Exercise details.
Every line of the following records that includes "hence" should be copied.

Dataset entries.
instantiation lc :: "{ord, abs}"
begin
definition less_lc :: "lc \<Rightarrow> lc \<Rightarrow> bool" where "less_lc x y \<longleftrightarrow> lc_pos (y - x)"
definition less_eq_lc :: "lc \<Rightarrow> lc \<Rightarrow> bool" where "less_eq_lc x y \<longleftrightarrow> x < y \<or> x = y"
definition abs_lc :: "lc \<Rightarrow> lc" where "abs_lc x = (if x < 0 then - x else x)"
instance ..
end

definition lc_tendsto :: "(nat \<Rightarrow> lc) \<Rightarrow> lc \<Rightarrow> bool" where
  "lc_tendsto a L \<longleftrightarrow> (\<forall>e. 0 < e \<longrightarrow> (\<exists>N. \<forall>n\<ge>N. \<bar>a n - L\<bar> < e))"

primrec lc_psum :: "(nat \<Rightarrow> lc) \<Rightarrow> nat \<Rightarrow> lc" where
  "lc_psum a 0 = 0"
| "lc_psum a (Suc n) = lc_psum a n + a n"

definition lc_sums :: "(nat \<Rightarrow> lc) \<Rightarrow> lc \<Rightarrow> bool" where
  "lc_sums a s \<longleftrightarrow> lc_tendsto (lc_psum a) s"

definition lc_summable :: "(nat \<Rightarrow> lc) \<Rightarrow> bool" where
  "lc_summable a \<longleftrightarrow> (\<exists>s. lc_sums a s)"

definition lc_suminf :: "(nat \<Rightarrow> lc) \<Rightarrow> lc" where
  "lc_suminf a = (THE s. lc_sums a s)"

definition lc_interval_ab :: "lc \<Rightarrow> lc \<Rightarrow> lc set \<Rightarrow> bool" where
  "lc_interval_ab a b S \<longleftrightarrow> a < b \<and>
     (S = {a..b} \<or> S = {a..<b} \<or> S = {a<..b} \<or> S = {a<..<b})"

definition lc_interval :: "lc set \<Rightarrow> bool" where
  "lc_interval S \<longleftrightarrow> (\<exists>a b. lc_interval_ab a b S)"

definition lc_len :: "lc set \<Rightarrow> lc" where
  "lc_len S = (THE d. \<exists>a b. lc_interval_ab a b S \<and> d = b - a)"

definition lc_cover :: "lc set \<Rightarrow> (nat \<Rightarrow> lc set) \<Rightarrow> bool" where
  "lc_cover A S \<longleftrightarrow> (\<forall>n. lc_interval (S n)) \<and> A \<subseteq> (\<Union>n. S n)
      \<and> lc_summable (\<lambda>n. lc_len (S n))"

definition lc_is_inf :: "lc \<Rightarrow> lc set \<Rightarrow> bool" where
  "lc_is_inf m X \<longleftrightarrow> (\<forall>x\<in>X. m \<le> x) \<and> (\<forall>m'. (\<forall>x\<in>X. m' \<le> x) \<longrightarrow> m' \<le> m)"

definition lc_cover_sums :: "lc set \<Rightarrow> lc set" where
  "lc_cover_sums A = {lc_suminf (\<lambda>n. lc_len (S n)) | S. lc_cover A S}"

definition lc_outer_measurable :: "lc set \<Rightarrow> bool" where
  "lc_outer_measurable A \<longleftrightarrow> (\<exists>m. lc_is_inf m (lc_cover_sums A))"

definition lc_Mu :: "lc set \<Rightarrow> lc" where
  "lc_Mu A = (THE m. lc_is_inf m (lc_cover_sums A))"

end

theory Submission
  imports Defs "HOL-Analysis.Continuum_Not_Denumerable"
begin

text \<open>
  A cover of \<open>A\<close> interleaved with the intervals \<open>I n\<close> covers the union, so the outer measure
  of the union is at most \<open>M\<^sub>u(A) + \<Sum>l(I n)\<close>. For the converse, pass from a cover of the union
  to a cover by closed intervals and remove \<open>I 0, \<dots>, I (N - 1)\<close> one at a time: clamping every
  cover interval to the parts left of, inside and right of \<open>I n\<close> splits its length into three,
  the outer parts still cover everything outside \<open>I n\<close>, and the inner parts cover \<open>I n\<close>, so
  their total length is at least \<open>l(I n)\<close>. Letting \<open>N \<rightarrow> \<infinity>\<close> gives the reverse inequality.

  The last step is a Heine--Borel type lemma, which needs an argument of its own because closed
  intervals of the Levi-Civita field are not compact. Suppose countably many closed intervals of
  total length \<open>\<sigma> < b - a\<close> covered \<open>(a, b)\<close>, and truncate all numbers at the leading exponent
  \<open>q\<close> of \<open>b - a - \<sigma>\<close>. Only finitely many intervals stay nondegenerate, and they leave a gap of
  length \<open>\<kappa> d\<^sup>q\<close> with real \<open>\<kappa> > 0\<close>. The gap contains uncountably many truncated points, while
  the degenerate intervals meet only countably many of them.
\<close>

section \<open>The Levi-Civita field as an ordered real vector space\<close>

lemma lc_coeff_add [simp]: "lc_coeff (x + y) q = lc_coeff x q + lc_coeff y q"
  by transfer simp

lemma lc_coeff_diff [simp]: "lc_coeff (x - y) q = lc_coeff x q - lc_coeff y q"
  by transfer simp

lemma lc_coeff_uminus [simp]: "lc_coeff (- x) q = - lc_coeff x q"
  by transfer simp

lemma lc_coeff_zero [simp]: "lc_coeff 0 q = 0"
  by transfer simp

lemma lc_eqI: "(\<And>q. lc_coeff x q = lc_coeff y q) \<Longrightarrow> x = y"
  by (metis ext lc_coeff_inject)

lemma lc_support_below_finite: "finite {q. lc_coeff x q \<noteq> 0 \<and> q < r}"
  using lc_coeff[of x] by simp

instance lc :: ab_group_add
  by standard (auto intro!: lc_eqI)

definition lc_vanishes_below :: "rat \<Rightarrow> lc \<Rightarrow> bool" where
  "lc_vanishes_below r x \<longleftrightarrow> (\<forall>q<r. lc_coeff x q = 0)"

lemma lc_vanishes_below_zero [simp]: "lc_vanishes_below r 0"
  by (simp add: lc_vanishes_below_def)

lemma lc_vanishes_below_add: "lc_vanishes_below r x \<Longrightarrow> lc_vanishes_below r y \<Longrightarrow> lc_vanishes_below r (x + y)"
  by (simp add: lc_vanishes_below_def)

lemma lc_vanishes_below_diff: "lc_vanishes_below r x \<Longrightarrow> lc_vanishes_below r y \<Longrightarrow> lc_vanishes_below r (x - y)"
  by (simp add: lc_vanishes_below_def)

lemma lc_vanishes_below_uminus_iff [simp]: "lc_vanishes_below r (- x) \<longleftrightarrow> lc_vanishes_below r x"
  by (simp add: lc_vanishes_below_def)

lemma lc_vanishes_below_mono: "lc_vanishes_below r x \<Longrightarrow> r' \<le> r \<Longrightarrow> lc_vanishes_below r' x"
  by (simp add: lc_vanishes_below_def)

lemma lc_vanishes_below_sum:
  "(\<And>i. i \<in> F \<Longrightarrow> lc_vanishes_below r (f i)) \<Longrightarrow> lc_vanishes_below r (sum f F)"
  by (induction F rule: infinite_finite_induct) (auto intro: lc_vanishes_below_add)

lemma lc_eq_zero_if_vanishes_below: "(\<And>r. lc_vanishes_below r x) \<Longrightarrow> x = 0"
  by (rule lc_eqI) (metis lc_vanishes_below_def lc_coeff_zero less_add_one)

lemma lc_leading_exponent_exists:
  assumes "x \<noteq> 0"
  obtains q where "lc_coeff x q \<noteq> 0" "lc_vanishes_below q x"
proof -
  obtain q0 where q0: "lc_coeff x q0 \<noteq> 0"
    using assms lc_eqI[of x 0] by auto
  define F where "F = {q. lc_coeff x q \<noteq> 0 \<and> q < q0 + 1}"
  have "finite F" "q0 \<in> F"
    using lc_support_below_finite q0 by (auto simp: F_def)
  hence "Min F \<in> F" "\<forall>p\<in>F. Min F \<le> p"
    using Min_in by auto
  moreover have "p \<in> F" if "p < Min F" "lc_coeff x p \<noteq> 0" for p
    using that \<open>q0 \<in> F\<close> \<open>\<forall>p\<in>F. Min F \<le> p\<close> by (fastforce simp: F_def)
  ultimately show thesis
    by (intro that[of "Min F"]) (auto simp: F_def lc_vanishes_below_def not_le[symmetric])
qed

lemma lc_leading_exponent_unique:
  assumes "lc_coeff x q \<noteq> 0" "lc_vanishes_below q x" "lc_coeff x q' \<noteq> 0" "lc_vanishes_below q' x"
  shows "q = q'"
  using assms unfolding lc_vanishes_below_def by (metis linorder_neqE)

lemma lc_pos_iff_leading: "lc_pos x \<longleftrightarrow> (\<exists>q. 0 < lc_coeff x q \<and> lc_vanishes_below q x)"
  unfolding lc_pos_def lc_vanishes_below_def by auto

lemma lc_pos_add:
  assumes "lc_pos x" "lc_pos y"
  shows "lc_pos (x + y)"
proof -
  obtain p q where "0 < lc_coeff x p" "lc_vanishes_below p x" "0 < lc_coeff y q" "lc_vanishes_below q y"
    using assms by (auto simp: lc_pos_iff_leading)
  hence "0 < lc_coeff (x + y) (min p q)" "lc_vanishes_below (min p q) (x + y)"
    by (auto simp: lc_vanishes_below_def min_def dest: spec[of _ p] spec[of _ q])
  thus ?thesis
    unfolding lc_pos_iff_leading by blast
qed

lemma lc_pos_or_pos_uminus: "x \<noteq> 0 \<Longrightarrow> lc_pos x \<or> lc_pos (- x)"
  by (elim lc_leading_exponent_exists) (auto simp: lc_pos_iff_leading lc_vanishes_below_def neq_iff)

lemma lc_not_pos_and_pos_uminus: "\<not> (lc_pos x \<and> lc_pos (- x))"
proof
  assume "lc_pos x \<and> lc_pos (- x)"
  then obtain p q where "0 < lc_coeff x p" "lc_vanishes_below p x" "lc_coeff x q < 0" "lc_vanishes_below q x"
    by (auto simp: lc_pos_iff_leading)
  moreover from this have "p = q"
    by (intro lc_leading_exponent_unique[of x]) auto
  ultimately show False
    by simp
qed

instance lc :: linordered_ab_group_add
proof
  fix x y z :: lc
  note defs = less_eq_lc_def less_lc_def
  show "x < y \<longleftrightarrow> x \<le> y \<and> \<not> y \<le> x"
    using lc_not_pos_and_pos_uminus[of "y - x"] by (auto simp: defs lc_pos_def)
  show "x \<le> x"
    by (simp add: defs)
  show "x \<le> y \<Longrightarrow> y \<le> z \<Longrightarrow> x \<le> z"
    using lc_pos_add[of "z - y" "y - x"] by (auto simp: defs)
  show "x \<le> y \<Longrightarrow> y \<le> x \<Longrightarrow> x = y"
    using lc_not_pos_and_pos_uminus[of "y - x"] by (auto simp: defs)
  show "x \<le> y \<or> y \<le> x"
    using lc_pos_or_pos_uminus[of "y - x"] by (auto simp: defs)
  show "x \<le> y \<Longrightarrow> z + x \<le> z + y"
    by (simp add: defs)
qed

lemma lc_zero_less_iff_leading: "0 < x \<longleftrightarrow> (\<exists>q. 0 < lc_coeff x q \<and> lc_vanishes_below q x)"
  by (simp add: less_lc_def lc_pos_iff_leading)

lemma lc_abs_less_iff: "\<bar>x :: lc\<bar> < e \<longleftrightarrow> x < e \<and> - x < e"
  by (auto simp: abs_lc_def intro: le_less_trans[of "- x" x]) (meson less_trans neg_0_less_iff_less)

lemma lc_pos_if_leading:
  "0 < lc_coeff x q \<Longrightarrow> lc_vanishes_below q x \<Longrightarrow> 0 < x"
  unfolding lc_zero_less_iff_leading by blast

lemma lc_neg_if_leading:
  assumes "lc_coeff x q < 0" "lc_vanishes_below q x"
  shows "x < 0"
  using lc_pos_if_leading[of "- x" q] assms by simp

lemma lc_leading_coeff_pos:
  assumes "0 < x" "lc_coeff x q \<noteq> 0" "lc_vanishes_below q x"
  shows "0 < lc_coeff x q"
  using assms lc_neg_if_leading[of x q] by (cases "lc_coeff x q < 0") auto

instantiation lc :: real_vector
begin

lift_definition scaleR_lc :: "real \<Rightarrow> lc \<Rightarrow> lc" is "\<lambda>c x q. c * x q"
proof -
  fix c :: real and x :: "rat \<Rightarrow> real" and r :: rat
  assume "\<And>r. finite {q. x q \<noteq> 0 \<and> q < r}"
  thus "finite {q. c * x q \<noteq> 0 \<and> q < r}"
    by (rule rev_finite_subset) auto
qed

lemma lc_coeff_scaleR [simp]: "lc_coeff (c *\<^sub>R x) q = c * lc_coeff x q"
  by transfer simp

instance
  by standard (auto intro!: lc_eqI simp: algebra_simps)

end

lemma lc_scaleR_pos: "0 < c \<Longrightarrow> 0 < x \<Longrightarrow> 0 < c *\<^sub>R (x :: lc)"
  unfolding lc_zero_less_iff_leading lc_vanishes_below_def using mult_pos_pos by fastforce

Written solution.
  hence "Min F \<in> F" "\<forall>p\<in>F. Min F \<le> p"
  hence "0 < lc_coeff (x + y) (min p q)" "lc_vanishes_below (min p q) (x + y)"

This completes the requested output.